Report Writing and Data Storytelling with AI
The best SQL query in the world is worth nothing if the report that wraps it is boring, buried, or misread. Writing is the part of analyst work that gets skimmed or skipped entirely, and stakeholders often judge an analysis by the email or deck they see — not the query behind it.
AI is exceptionally good at this part. It can transform your bullet points into a clean narrative, restructure a shaggy 2,000-word draft into a crisp exec summary, and produce the three-sentence Slack version alongside the long doc.
What You'll Learn
- A report structure that consistently gets read
- Prompts for generating exec summaries, narratives, and Slack-length updates
- How to turn raw findings into a story with a lead, a driver, and a recommendation
- Tailoring tone and length for different audiences without rewriting from scratch
The Report Structure That Works
Analysts who always write in this order produce reports that always get read:
- Headline. One sentence. The one thing the reader should walk away with.
- TL;DR. Three bullets: the finding, the driver, the recommendation.
- Key numbers. A small table of the metrics that matter.
- Context. Why this analysis, what question it answered, who asked.
- Findings. 2–4 main findings, each with a chart.
- Method. One paragraph on data source, date range, caveats.
- Appendix. Supporting charts, alternative cuts, details on request.
The headline and TL;DR go first because 80% of readers will stop there. If they only read those four sentences, they should still walk away with the right conclusion.
Generating the Headline and TL;DR
Start every report by asking AI to write the headline from your findings, not from the data:
I just completed an analysis. My key findings are:
- March 2026 revenue was $4.2M, down 8% vs February
- The decline was driven entirely by the UK region, which dropped 31%
- UK decline tracks the May 2026 price increase rollout that happened there first
- All other regions grew in March
Write:
- One-sentence headline — lead with the most important point, include the number
- Three-bullet TL;DR with the finding, the driver, and a recommendation
- A 30-word exec summary paragraph
The headline you get back will be sharper than anything you would have written from scratch.
Turning Bullets Into a Narrative
Analysts often draft reports as bullet lists. Stakeholders read narratives. Convert with:
Turn these analyst bullets into a 250-word narrative suitable for a monthly business review. Requirements:
- Start with the headline finding and the number
- Connect findings with transitions — do not just restate the bullets
- Include one concrete quote or example per finding
- End with the recommended next step
- Do not use phrases like "deep dive," "at the end of the day," or "circling back"
- Active voice only
Bullets: {paste}
Read the output critically. If a number changed or a nuance was lost, edit it back in.
The Three-Version Rule
Write every report once, then ask AI to produce three versions:
Here is my full analysis {paste}. Generate three versions:
Slack version (30–50 words) — for a quick note in a team channel. Lead with the number, skip methodology.

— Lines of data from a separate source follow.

(* Let $F$ and $G$ be BISO channels with output alphabet $\{-1,0,1\}$ (i.e. $l=1$) such that $\eta_{KL}(F)=\eta_{KL}(G)$. Then $F\succeq_{\mathrm{l.n.}}G$ or $G\succeq_{\mathrm{l.n.}}F$.
   Context: A binary-input symmetric-output (BISO) channel is a channel $P_{Y|X}$ with input alphabet $\{0,1\}$ and finite output alphabet $\mathcal Y=\{0,\pm1,\dots,\pm l\}$ for some integer $l\ge 1$ (some transition probabilities may be zero), such that $P_{Y|X}(y|0)=P_{Y|X}(-y|1)=:p_y$ for all $y\in\mathcal Y$. The KL contraction coefficient is $\eta_{KL}(P)=\sup_{P_X,Q_X}\frac{D(P\circ P_X\|P\circ Q_X)}{D(P_X\|Q_X)}$ (supremum over input distributions with $0<D(P_X\|Q_X)<\infty$, $P\circ P_X$ the output distribution). For channels $P_{Y|X},Q_{Y'|X}$ with the same input alphabet, $P\succeq_{\mathrm{l.n.}}Q$ (less noisy) means: for every finite-alphabet random variable $U$ and every joint distribution $P_{UX}$, with $U-X-Y$ and $U-X-Y'$ Markov chains, $I(U:Y)\ge I(U:Y')$. *)

theory Defs
  imports Complex_Main "HOL-Library.Extended_Real"
begin

definition pmf_on :: "'a set \<Rightarrow> ('a \<Rightarrow> real) \<Rightarrow> bool" where
  "pmf_on A p \<longleftrightarrow> (\<forall>a\<in>A. 0 \<le> p a) \<and> (\<Sum>a\<in>A. p a) = 1"

definition channel :: "'a set \<Rightarrow> 'b set \<Rightarrow> ('a \<Rightarrow> 'b \<Rightarrow> real) \<Rightarrow> bool" where
  "channel X Y W \<longleftrightarrow> (\<forall>x\<in>X. pmf_on Y (W x))"

definition out_dist :: "'a set \<Rightarrow> ('a \<Rightarrow> 'b \<Rightarrow> real) \<Rightarrow> ('a \<Rightarrow> real) \<Rightarrow> 'b \<Rightarrow> real" where
  "out_dist X W p = (\<lambda>y. \<Sum>x\<in>X. p x * W x y)"

definition KL :: "'a set \<Rightarrow> ('a \<Rightarrow> real) \<Rightarrow> ('a \<Rightarrow> real) \<Rightarrow> ereal" where
  "KL A p q = (if \<exists>a\<in>A. 0 < p a \<and> q a = 0 then \<infinity>
               else ereal (\<Sum>a\<in>{a\<in>A. 0 < p a}. p a * ln (p a / q a)))"

definition eta_KL :: "'a set \<Rightarrow> 'b set \<Rightarrow> ('a \<Rightarrow> 'b \<Rightarrow> real) \<Rightarrow> ereal" where
  "eta_KL X Y W = (SUP pq \<in> {(p, q). pmf_on X p \<and> pmf_on X q \<and> 0 < KL X p q \<and> KL X p q < \<infinity>}.
       KL Y (out_dist X W (fst pq)) (out_dist X W (snd pq)) / KL X (fst pq) (snd pq))"
section \<open>Trigonometric polynomials\<close>

definition trig_poly :: "int \<Rightarrow> int \<Rightarrow> (real \<Rightarrow> complex) \<Rightarrow> bool" where
  "trig_poly lo hi f \<longleftrightarrow> (\<exists>c. f = (\<lambda>\<theta>. \<Sum>n\<in>{lo..hi}. c n * cis (2 * pi * of_int n * \<theta>)))"

lemma trig_poly_zero: "trig_poly lo hi (\<lambda>_. 0)"
  unfolding trig_poly_def by (rule exI[of _ "\<lambda>_. 0"]) simp

lemma trig_poly_const: "trig_poly 0 0 (\<lambda>_. c)"
  unfolding trig_poly_def by (rule exI[of _ "\<lambda>_. c"]) simp

lemma trig_poly_mono:
  assumes "trig_poly lo hi f" "lo' \<le> lo" "hi \<le> hi'"
  shows "trig_poly lo' hi' f"
proof -
  obtain c where f: "f = (\<lambda>\<theta>. \<Sum>n\<in>{lo..hi}. c n * cis (2 * pi * of_int n * \<theta>))"
    using assms(1) unfolding trig_poly_def by blast
  define c' where "c' n = (if n \<in> {lo..hi} then c n else 0)" for n
  have "f \<theta> = (\<Sum>n\<in>{lo'..hi'}. c' n * cis (2 * pi * of_int n * \<theta>))" for \<theta>
  proof -
    have "(\<Sum>n\<in>{lo'..hi'}. c' n * cis (2 * pi * of_int n * \<theta>))
        = (\<Sum>n\<in>{lo'..hi'}. if n \<in> {lo..hi} then c n * cis (2 * pi * of_int n * \<theta>) else 0)"
      unfolding c'_def by (rule sum.cong) auto
    also have "\<dots> = (\<Sum>n\<in>{lo'..hi'} \<inter> {lo..hi}. c n * cis (2 * pi * of_int n * \<theta>))"
      by (rule sum.inter_restrict[symmetric]) simp
    also have "{lo'..hi'} \<inter> {lo..hi} = {lo..hi}"
      using assms by auto
    finally show ?thesis by (simp add: f)
  qed
  then show ?thesis
    unfolding trig_poly_def by (intro exI[of _ c']) auto
qed
lemma cayley_adj_Spq_no_loop:
  assumes p: "prime p" and q: "prime q" "p < q" and i: "[i^2 = -1] (mod q)"
    and M: "\<not> q dvd mat2_det M"
  shows "cayley_adj q (Spq p q i) (pgl_class q M) (pgl_class q M) = 0"
proof -
  have no_fix: "pgl_mult q (pgl_class q M) s \<noteq> pgl_class q M" if s: "s \<in> Spq p q i" for s
  proof
    assume fix_s: "pgl_mult q (pgl_class q M) s = pgl_class q M"
    obtain a0 a1 a2 a3 where s: "s = pgl_class q (a0 + i*a1, a2 + i*a3, -a2 + i*a3, a0 - i*a1)"
      and sum: "a0^2 + a1^2 + a2^2 + a3^2 = p"
      using s by (rule SpqE)
    have d: "q dvd a2 + i*a3" "q dvd -a2 + i*a3" "q dvd (a0 + i*a1) - (a0 - i*a1)"
      using pgl_class_mult_fixed_imp_scalar[OF q(1) M] fix_s unfolding s pgl_mult_class[OF q(1)]
      by blast+
    have "(a2 + i*a3) - (-a2 + i*a3) = 2 * a2" "(a2 + i*a3) + (-a2 + i*a3) = 2 * i * a3"
      "(a0 + i*a1) - (a0 - i*a1) = 2 * i * a1"
      by simp_all
    then have "q dvd 2 * a2" "q dvd 2 * i * a3" "q dvd 2 * i * a1"
      using dvd_diff[OF d(1,2)] dvd_add[OF d(1,2)] d(3) by metis+
    moreover have "\<not> q dvd 2"
      using q(2) prime_ge_2_int[OF p] by (intro zdvd_not_zless) auto
    moreover have "\<not> q dvd i"
      using q(1) i by (rule not_dvd_if_square_eq_minus_one)
    ultimately have "q dvd a1" "q dvd a2" "q dvd a3"
      using q(1) by (simp_all add: prime_dvd_mult_iff)
    moreover have "p < q^2"
      using q(2) self_le_power[of q 2] prime_gt_1_int[OF q(1)] by simp
    then have "a1^2 < q^2" "a2^2 < q^2" "a3^2 < q^2"
      using sum zero_le_power2[of a0] zero_le_power2[of a1] zero_le_power2[of a2]
        zero_le_power2[of a3] by linarith+
    ultimately have "a1 = 0" "a2 = 0" "a3 = 0"
      by (simp_all add: dvd_square_less_imp_zero)
    then have "p = a0^2"
      using sum by simp
    then show False
      using p prime_power_iff[of a0 2] by simp
  qed
  then have "{s \<in> Spq p q i. pgl_mult q (pgl_class q M) s = pgl_class q M} = {}"
    by blast
  then show ?thesis
    unfolding cayley_adj_def by (simp only: card.empty)
qed

lemma graph_iso_loop_free:
  assumes "graph_iso V A B" and "\<And>x. x \<in> V \<Longrightarrow> A x x = 0" and "y \<in> V"
  shows "B y y = 0"
proof -
  obtain f where f: "bij_betw f V V" and AB: "\<And>x y. x \<in> V \<Longrightarrow> y \<in> V \<Longrightarrow> B (f x) (f y) = A x y"
    using assms(1) unfolding graph_iso_def by blast
  obtain x where "x \<in> V" "y = f x"
    using f assms(3) by (metis bij_betw_imp_surj_on imageE)
  then show ?thesis
    using AB assms(2) by simp
qed

lemma diag_conj_mult_eq_smult:
  fixes a b c n q :: int
  assumes "[c^2 = a^2 + b^2] (mod q)"
  defines "X \<equiv> (b, a - c, n * b, n * (a + c))"
  shows "mat2_red q (mat2_mult (mat2_mult (-1, 0, 0, 1) (mat2_mult X (a, b, -b, a))) (mat2_adj (-1, 0, 0, 1)))
    = mat2_red q (mat2_smult (-c) X)"
proof -
  have "mat2_mult (mat2_mult (-1, 0, 0, 1) (mat2_mult X (a, b, -b, a))) (mat2_adj (-1, 0, 0, 1))
      = (-c * b, (a^2 + b^2) - a * c, -c * (n * b), -n * ((a^2 + b^2) + a * c))"
    unfolding X_def by (simp add: algebra_simps power2_eq_square)
  moreover have "[(a^2 + b^2) - a * c = -c * (a - c)] (mod q)"
    using cong_diff[OF cong_sym[OF assms(1)] cong_refl[of "a * c"]]
    by (simp add: algebra_simps power2_eq_square)
  moreover have "[-n * ((a^2 + b^2) + a * c) = -c * (n * (a + c))] (mod q)"
    using cong_mult[OF cong_refl[of "-n"] cong_add[OF cong_sym[OF assms(1)] cong_refl[of "a * c"]]]
    by (simp add: algebra_simps power2_eq_square)
  ultimately show ?thesis
    unfolding X_def by (simp only: mat2_smult.simps) (intro mat2_red_cong cong_refl)
qed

Email version (150 words) — for a VP who will read it on their phone. Include headline, key numbers, one driver, and a recommended next step. No charts.
Long version (800 words) — the full report with context, method, findings, caveats, and appendix pointers.
Keep the numbers and claims identical across all three. Only the length and emphasis change.
You will use all three throughout the week. Writing all three at once is much faster than writing each separately.
Tailoring by Audience
Different stakeholders read in different ways. Adjust with:
Rewrite this analysis for a CFO. The CFO cares about:
- Dollar impact (not percentages)
- Trend vs budget
- Cash implications (billing vs revenue vs collections)
- Risk and downside scenarios
Do not use technical terms like "cohort," "funnel," or "regression." Use "customer group," "conversion path," and "correlation."
Repeat with different audience profiles: CTO, CMO, head of support, board member.
Chart Captions That Do Work
A chart without a caption forces the reader to interpret it. Good captions tell the story.
For each chart below, write a 15-word caption that:
- Names the most important pattern
- Names one implication
- Avoids describing what the chart "is"
Example — instead of "Monthly revenue trend 2025–2026," write "UK decline pulls total revenue down despite growth everywhere else."
Charts: {list or upload}
Use the AI-generated captions as headings above each chart, not as boilerplate below.
Avoiding Common Writing Mistakes
AI will catch these if you ask:
Review this draft report and flag any of the following mistakes:
- Burying the lead (the most important finding is not in the first two sentences)
- Vague claims ("significantly," "notable," "material") without specific numbers
- Passive voice that hides who did what
- Unexplained jargon
- Phrases that add no information ("it is worth noting that...")
- Missing units (revenue without currency, time without timezone)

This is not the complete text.